Так-то, глупый маленький Леф. Вот для такой, к примеру, внезапной надобности Нурд и поволок за собою Гуфу. Впрочем, «поволок» — вовсе неправильное словечко. И вообще... Господин Тантарр говаривал: «Наилучший способ предвидеть неожиданности — делать их самому». Только говаривал-то он это тебе, и больше года учил он тебя, а не Нурда и Гуфу. А ты, недовиртуоз, и сам его наукой пользоваться не способен, и даже не замечаешь такие способности в других...

Нет, все-таки парень чересчур придирался к себе. Конечно, мастерство его лепилось недолго, но гончары попались отменные, да и глина была хороша. И теперь, хоть на ум легла ненужная всячина, хоть сквозь щель наличника, не вертя головой, можно глядеть лишь прямо перед собою (а вертеться нельзя — и без того слишком приметен), он успевал увидеть все, что нужно было увидеть.

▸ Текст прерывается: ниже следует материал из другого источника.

text \<open>(v_! M)(square_p) = (\<Oplus>_c M(c) \<otimes>_k k[square](square_p, v c)) / relations
  M(f)(m) \<otimes> b = m \<otimes> v(f) \<circ> b.  Since M(c) is free on dmors c d, the summand is free on
  pairs (alpha, beta) with alpha \<in> dmors c d, beta \<in> cmors p c; the relations are spanned by
  their instances on basis elements.\<close>
definition vsh_carrier :: "nat \<Rightarrow> nat \<Rightarrow> (bool list \<times> bool option list \<Rightarrow> 'k::field) set" where
  "vsh_carrier d p = free_on {(\<alpha>, \<beta>). \<exists>c. \<alpha> \<in> dmors c d \<and> \<beta> \<in> cmors p c}"

definition vsh_rel :: "nat \<Rightarrow> nat \<Rightarrow> (bool list \<times> bool option list \<Rightarrow> 'k::field) set" where
  "vsh_rel d p = lspan
     {(\<lambda>x. basis_vec (dcomp \<alpha>' f, \<beta>) x
           - (if fst x = \<alpha>' then postcomp (vmor f) \<beta> (snd x) else 0))
      | f \<alpha>' \<beta> c c'. f \<in> dmors c c' \<and> \<alpha>' \<in> dmors c' d \<and> \<beta> \<in> cmors p c}"

text \<open>(v^* v_! M)(f) = (v_! M)(v f): alpha \<otimes> beta \<mapsto> alpha \<otimes> beta \<circ> v(f).\<close>
definition vsh_act :: "bool list \<Rightarrow> (bool list \<times> bool option list \<Rightarrow> 'k::field)
                       \<Rightarrow> (bool list \<times> bool option list \<Rightarrow> 'k)" where
  "vsh_act f \<phi> = (\<lambda>(a, b). \<Sum>\<beta>\<in>{\<beta>. \<phi> (a, \<beta>) \<noteq> 0}. \<phi> (a, \<beta>) * precomp (vmor f) \<beta> b)"

end

theory Submission
  imports Defs
begin

(* M([-1]) is spanned by the unique map [-1] -> [0], which is id_[0] composed with delta^0; so
   M(delta^0) is onto and H^a_{-1}(M) = 0.
   In contrast, (v_! M)(square_0) is spanned by p0 = ([-1] -> [0]) (x) id, p1 = id_[0] (x) delta^1_1
   and p2 = id_[0] (x) delta^0_1, subject only to p0 = p1 - p2, which comes from
   v(delta^0) = delta^1_1 - delta^0_1; and the image of delta^0 is spanned by id_[0] (x) v(delta^0)
   = p1 - p2.  The functional "coefficient of p1 plus coefficient of p2" kills both and is 1 on p1,
   while every element is congruent to a multiple of p1, so H^a_{-1}(v^* v_! M) = k. *)

lemma free_on_singleton_eq:
  fixes \<phi> :: "'g \<Rightarrow> 'k::semiring_1"
  assumes "\<phi> \<in> free_on {g}"
  shows "\<phi> = (\<lambda>x. \<phi> g * basis_vec g x)"
  using assms by (force simp: free_on_def fsupp_def basis_vec_def)

lemma scaled_basis_vec_in_free_on:
  fixes c :: "'k::semiring_1"
  assumes "g \<in> G"
  shows "(\<lambda>x. c * basis_vec g x) \<in> free_on G"
proof -
  have "fsupp (\<lambda>x. c * basis_vec g x) \<subseteq> {g}"
    by (auto simp: fsupp_def basis_vec_def)
  then show ?thesis
    using assms by (auto simp: free_on_def intro: finite_subset)
qed

lemma scaled_in_lspan: "s \<in> S \<Longrightarrow> (\<lambda>x. c * s x) \<in> lspan S"
  unfolding lspan_def by (rule CollectI, rule exI[of _ "{s}"], rule exI[of _ "\<lambda>_. c"]) simp

lemma lspan_in_kernel:
  assumes linear: "\<And>F c. finite F \<Longrightarrow> u (\<lambda>x. \<Sum>s\<in>F. c s * s x) = (\<Sum>s\<in>F. c s * u s)"
    and vanish: "\<And>s. s \<in> S \<Longrightarrow> u s = 0"
    and "\<phi> \<in> lspan S"
  shows "u \<phi> = 0"
proof -
  obtain F c where "finite F" "F \<subseteq> S" "\<phi> = (\<lambda>x. \<Sum>s\<in>F. c s * s x)"
    using \<open>\<phi> \<in> lspan S\<close> unfolding lspan_def by blast
  then show ?thesis
    using linear vanish by (simp add: subset_iff)
qed

lemma sq_zero_Hm1_if_coface_surj:
  assumes "A 0 \<subseteq> act (dcoface 0 0) ` A 1"
  shows "sq_zero (Hm1 A (\<lambda>_. {\<lambda>_. 0}) act)"
  using assms unfolding sq_zero_def Hm1_def by fastforce

lemma sq_iso_kI:
  assumes "w \<in> fst Q" "u w \<noteq> 0" "\<And>s. s \<in> snd Q \<Longrightarrow> u s = 0"
    and "\<And>a. a \<in> fst Q \<Longrightarrow> \<exists>s\<in>snd Q. a = (\<lambda>x. s x + u a * w x)"
  shows "sq_iso_k Q"
  using assms unfolding sq_iso_k_def by metis

lemma postcomp_eq_sum:
  assumes "finite G" "\<And>\<gamma>. \<psi> \<gamma> \<noteq> 0 \<Longrightarrow> \<gamma> \<in> G"
  shows "postcomp \<psi> \<beta> b = (\<Sum>\<gamma>\<in>G. if ccomp \<gamma> \<beta> = b then \<psi> \<gamma> else 0)"
proof -
  have "(\<Sum>\<gamma>\<in>G. if ccomp \<gamma> \<beta> = b then \<psi> \<gamma> else 0) = (\<Sum>\<gamma>\<in>{\<gamma>\<in>G. ccomp \<gamma> \<beta> = b}. \<psi> \<gamma>)"
    using assms(1) by (simp add: sum.inter_filter)
  also have "\<dots> = (\<Sum>\<gamma>\<in>{\<gamma>. \<psi> \<gamma> \<noteq> 0 \<and> ccomp \<gamma> \<beta> = b}. \<psi> \<gamma>)"
    by (rule sum.mono_neutral_right) (use assms in auto)
  finally show ?thesis unfolding postcomp_def by simp
qed

lemma precomp_eq_sum:
  assumes "finite G" "\<And>\<gamma>. \<psi> \<gamma> \<noteq> 0 \<Longrightarrow> \<gamma> \<in> G"
  shows "precomp \<psi> \<beta> b = (\<Sum>\<gamma>\<in>G. if ccomp \<beta> \<gamma> = b then \<psi> \<gamma> else 0)"
proof -
  have "(\<Sum>\<gamma>\<in>G. if ccomp \<beta> \<gamma> = b then \<psi> \<gamma> else 0) = (\<Sum>\<gamma>\<in>{\<gamma>\<in>G. ccomp \<beta> \<gamma> = b}. \<psi> \<gamma>)"
    using assms(1) by (simp add: sum.inter_filter)
  also have "\<dots> = (\<Sum>\<gamma>\<in>{\<gamma>. \<psi> \<gamma> \<noteq> 0 \<and> ccomp \<beta> \<gamma> = b}. \<psi> \<gamma>)"
    by (rule sum.mono_neutral_right) (use assms in auto)
  finally show ?thesis unfolding precomp_def by simp
qed

lemma vmor_True: "vmor [True] \<gamma> = (if \<gamma> = [None] then 1 else 0)"
  by (auto simp: vmor_def length_Suc_conv)

lemma vmor_False:
  "vmor [False] \<gamma> = (if \<gamma> = [Some True] then 1 else if \<gamma> = [Some False] then -1 else 0)"
  by (auto simp: vmor_def length_Suc_conv)

lemma postcomp_vmor_True:
  assumes "length \<beta> = 1"
  shows "postcomp (vmor [True]) \<beta> b = (if b = \<beta> then 1 else 0)"
  using assms by (subst postcomp_eq_sum[of "{[None]}"]) (auto simp: vmor_True length_Suc_conv split: if_splits)

lemma postcomp_vmor_False_Nil: "postcomp (vmor [False]) [] b = vmor [False] b"
  by (subst postcomp_eq_sum[of "{[Some True], [Some False]}"]) (auto simp: vmor_False split: if_splits)

lemma precomp_vmor_False_None: "precomp (vmor [False]) [None] b = vmor [False] b"
  by (subst precomp_eq_sum[of "{[Some True], [Some False]}"]) (auto simp: vmor_False split: if_splits)

lemma dmors_0_iff: "\<alpha> \<in> dmors c 0 \<longleftrightarrow> \<alpha> = [] \<and> c = 0"
  by (auto simp: dmors_def)

lemma dmors_1_iff: "\<alpha> \<in> dmors c (Suc 0) \<longleftrightarrow> (\<alpha> = [False] \<and> c = 0) \<or> (\<alpha> = [True] \<and> c = Suc 0)"
  by (cases \<alpha>) (auto simp: dmors_def)

lemma cmors_0_0_iff: "\<beta> \<in> cmors 0 0 \<longleftrightarrow> \<beta> = []"
  by (auto simp: cmors_def)

lemma cmors_0_1_iff: "\<beta> \<in> cmors 0 (Suc 0) \<longleftrightarrow> \<beta> = [Some True] \<or> \<beta> = [Some False]"
  by (cases \<beta>) (auto simp: cmors_def)

lemma cmors_1_1_iff: "\<beta> \<in> cmors (Suc 0) (Suc 0) \<longleftrightarrow> \<beta> = [None]"
  by (cases \<beta>) (auto simp: cmors_def split: if_splits)

lemma rep_carrier_1_0: "rep_carrier 1 0 = free_on {[False]}"
  unfolding rep_carrier_def by (rule arg_cong[where f = free_on]) (auto simp: dmors_1_iff)

lemma rep_carrier_1_1: "rep_carrier 1 1 = free_on {[True]}"
  unfolding rep_carrier_def by (rule arg_cong[where f = free_on]) (auto simp: dmors_1_iff)

lemma vsh_carrier_1_0:
  "vsh_carrier 1 0 = free_on {([False], []), ([True], [Some True]), ([True], [Some False])}"
  unfolding vsh_carrier_def
  by (rule arg_cong[where f = free_on]) (auto simp: dmors_1_iff cmors_0_0_iff cmors_0_1_iff)

lemma vsh_carrier_1_1: "vsh_carrier 1 1 = free_on {([True], [None])}"
  unfolding vsh_carrier_def
  by (rule arg_cong[where f = free_on]) (auto simp: dmors_1_iff cmors_1_1_iff, auto simp: cmors_def)

lemma rep_act_scaled_basis_vec:
  "rep_act f (\<lambda>x. c * basis_vec \<alpha> x) = (\<lambda>x. c * basis_vec (dcomp \<alpha> f) x)"
proof
  fix x
  have "{\<alpha>'. c * basis_vec \<alpha> \<alpha>' \<noteq> 0 \<and> dcomp \<alpha>' f = x} = (if c \<noteq> 0 \<and> dcomp \<alpha> f = x then {\<alpha>} else {})"
    by (auto simp: basis_vec_def)
  then show "rep_act f (\<lambda>x. c * basis_vec \<alpha> x) x = c * basis_vec (dcomp \<alpha> f) x"
    by (auto simp: rep_act_def basis_vec_def)
qed

lemma vsh_act_scaled_basis_vec:
  "vsh_act f (\<lambda>x. c * basis_vec (\<alpha>, \<beta>) x) = (\<lambda>(a, b). if a = \<alpha> then c * precomp (vmor f) \<beta> b else 0)"
proof (intro ext, clarify)
  fix a b
  have "{\<beta>'. c * basis_vec (\<alpha>, \<beta>) (a, \<beta>') \<noteq> 0} = (if c \<noteq> 0 \<and> a = \<alpha> then {\<beta>} else {})"
    by (auto simp: basis_vec_def)
  then show "vsh_act f (\<lambda>x. c * basis_vec (\<alpha>, \<beta>) x) (a, b) = (if a = \<alpha> then c * precomp (vmor f) \<beta> b else 0)"
    by (auto simp: vsh_act_def basis_vec_def)
qed

lemma dcoface_0_0: "dcoface 0 0 = [False]"
  by (simp add: dcoface_def)

lemma rep_carrier_1_0_subset_coface_image: "rep_carrier 1 0 \<subseteq> rep_act (dcoface 0 0) ` rep_carrier 1 1"
proof
  fix \<phi> :: "bool list \<Rightarrow> 'k::field"
  assume "\<phi> \<in> rep_carrier 1 0"
  then have "\<phi> = (\<lambda>x. \<phi> [False] * basis_vec [False] x)"
    unfolding rep_carrier_1_0 by (rule free_on_singleton_eq)
  also have "\<dots> = rep_act (dcoface 0 0) (\<lambda>x. \<phi> [False] * basis_vec [True] x)"
    by (simp add: rep_act_scaled_basis_vec dcoface_0_0)
  finally show "\<phi> \<in> rep_act (dcoface 0 0) ` rep_carrier 1 1"
    unfolding rep_carrier_1_1 by (auto intro: scaled_basis_vec_in_free_on)
qed

lemma vsh_act_coface_vsh_carrier_1_1:
  assumes "\<phi> \<in> vsh_carrier 1 1"
  shows "vsh_act (dcoface 0 0) \<phi>
    = (\<lambda>(a, b). if a = [True] then \<phi> ([True], [None]) * vmor [False] b else 0)"
proof -
  have "\<phi> = (\<lambda>x. \<phi> ([True], [None]) * basis_vec ([True], [None]) x)"
    using assms unfolding vsh_carrier_1_1 by (rule free_on_singleton_eq)
  then have "vsh_act (dcoface 0 0) \<phi>
      = vsh_act [False] (\<lambda>x. \<phi> ([True], [None]) * basis_vec ([True], [None]) x)"
    by (simp only: dcoface_0_0 flip: \<open>\<phi> = _\<close>)
  also have "\<dots> = (\<lambda>(a, b). if a = [True] then \<phi> ([True], [None]) * vmor [False] b else 0)"
    by (simp add: vsh_act_scaled_basis_vec precomp_vmor_False_None cong: if_cong)
  finally show ?thesis .
qed

(* The coefficient of p1 plus that of p2: the pair ([True], [Some e]) encodes id_[0] (x) delta^e_1. *)
definition vertex_sum :: "(bool list \<times> bool option list \<Rightarrow> 'k::field) \<Rightarrow> 'k" where
  "vertex_sum \<phi> = \<phi> ([True], [Some True]) + \<phi> ([True], [Some False])"

lemma vertex_sum_lincomb:
  "vertex_sum (\<lambda>x. \<Sum>s\<in>F. c s * s x) = (\<Sum>s\<in>F. c s * vertex_sum s)"
  by (simp add: vertex_sum_def sum.distrib distrib_left)

lemma vertex_sum_vsh_rel_generator:
  assumes "f \<in> dmors c c'" "\<alpha>' \<in> dmors c' 1" "\<beta> \<in> cmors 0 c"
  shows "vertex_sum (\<lambda>x. basis_vec (dcomp \<alpha>' f, \<beta>) x
           - (if fst x = \<alpha>' then postcomp (vmor f) \<beta> (snd x) else 0)) = 0"
proof -
  consider "\<alpha>' = [False]" "f = []"
    | "\<alpha>' = [True]" "f = [False]" "\<beta> = []"
    | "\<alpha>' = [True]" "f = [True]" "length \<beta> = 1"
    using assms by (auto simp: dmors_1_iff dmors_0_iff cmors_0_0_iff cmors_0_1_iff)
  then show ?thesis
  proof cases
    case 1
    then show ?thesis by (simp add: vertex_sum_def basis_vec_def)
  next
    case 2
    then show ?thesis by (simp add: vertex_sum_def basis_vec_def postcomp_vmor_False_Nil vmor_False)
  next
    case 3
    then show ?thesis by (simp add: vertex_sum_def basis_vec_def postcomp_vmor_True)
  qed
qed

lemma vertex_sum_vsh_rel:
  assumes "\<phi> \<in> vsh_rel 1 0"
  shows "vertex_sum \<phi> = 0"
  using assms unfolding vsh_rel_def
  by (rule lspan_in_kernel[rotated 2]) (auto simp: vertex_sum_lincomb vertex_sum_vsh_rel_generator)

lemma vertex_sum_vsh_act_coface:
  assumes "\<phi> \<in> vsh_carrier 1 1"
  shows "vertex_sum (vsh_act (dcoface 0 0) \<phi>) = 0"
  by (simp add: vsh_act_coface_vsh_carrier_1_1[OF assms] vertex_sum_def vmor_False)

lemma vertex_sum_snd_Hm1_vsh:
  assumes "s \<in> snd (Hm1 (vsh_carrier 1) (vsh_rel 1) vsh_act)"
  shows "vertex_sum s = 0"
proof -
  obtain r \<phi> where s: "s = (\<lambda>x. r x + vsh_act (dcoface 0 0) \<phi> x)"
    and r: "r \<in> vsh_rel 1 0" and \<phi>: "\<phi> \<in> vsh_carrier 1 1"
    using assms unfolding Hm1_def by auto
  have "vertex_sum s = vertex_sum r + vertex_sum (vsh_act (dcoface 0 0) \<phi>)"
    by (simp add: s vertex_sum_def)
  also have "\<dots> = 0"
    by (simp add: vertex_sum_vsh_rel[OF r] vertex_sum_vsh_act_coface[OF \<phi>])
  finally show ?thesis .
qed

Помост. Глубоко вкопанные в твердую каменистую землю кривоватые стволы с кое-как обтяпанными ветвями; прочно связанны неошкуренные корявые бревна... Издали, да еще сверху, из-под самого подножия... Сколько труда положено, сколько кожи ушло на ремни! А уж дерева-то, дерева! Небось пол Лесистого Склона извели. И все это лишь для того, чтобы вознести над толпой, над взблескивающими остриями копий охраны клок полупрозрачного жердяного плетения и несколько нахохленных человечьих фигур на нем. Фигур, которые кажутся нечеловечьими. И здесь проклятое колдовство, знакомое колдовство, привычное. Это оно стекало со стройных колонн Пантеона Благочинных; это оно, а вовсе не отражения лампадных огоньков, дрожало на зеркальном полу и зрело в полировке Креста Всемогущих. У здешних иерархов нет глыб шлифованного гранита, позолоты и прочих красивостей, зато у них есть ум, у них есть их насквозь серые души. Этим, здешним, хватило груды валежника. И неряшливое, прозрачное строение нависает над головой самоуверенным чудищем, многоного подпирающим землю лесом опорных столбов; и, оправленные в серость перекрещенных бревен-распорок, клочья неба теряют безмятежную ласковость, наливаются безучастной холодной синевой; и чем-то недостижимым, нечеловеческим веет от тех, наверху, — не старики в треплющейся на ветру одежде, которые еле удерживаются на прогибающемся шатком настиле, а крылатые существа, в любой миг способные взмыть в бездонную холодную высь. И знакомое, трижды по трижды проклятое ощущение собственной ничтожности и виновности во всем на свете — перед Мглой, перед этими, наверху...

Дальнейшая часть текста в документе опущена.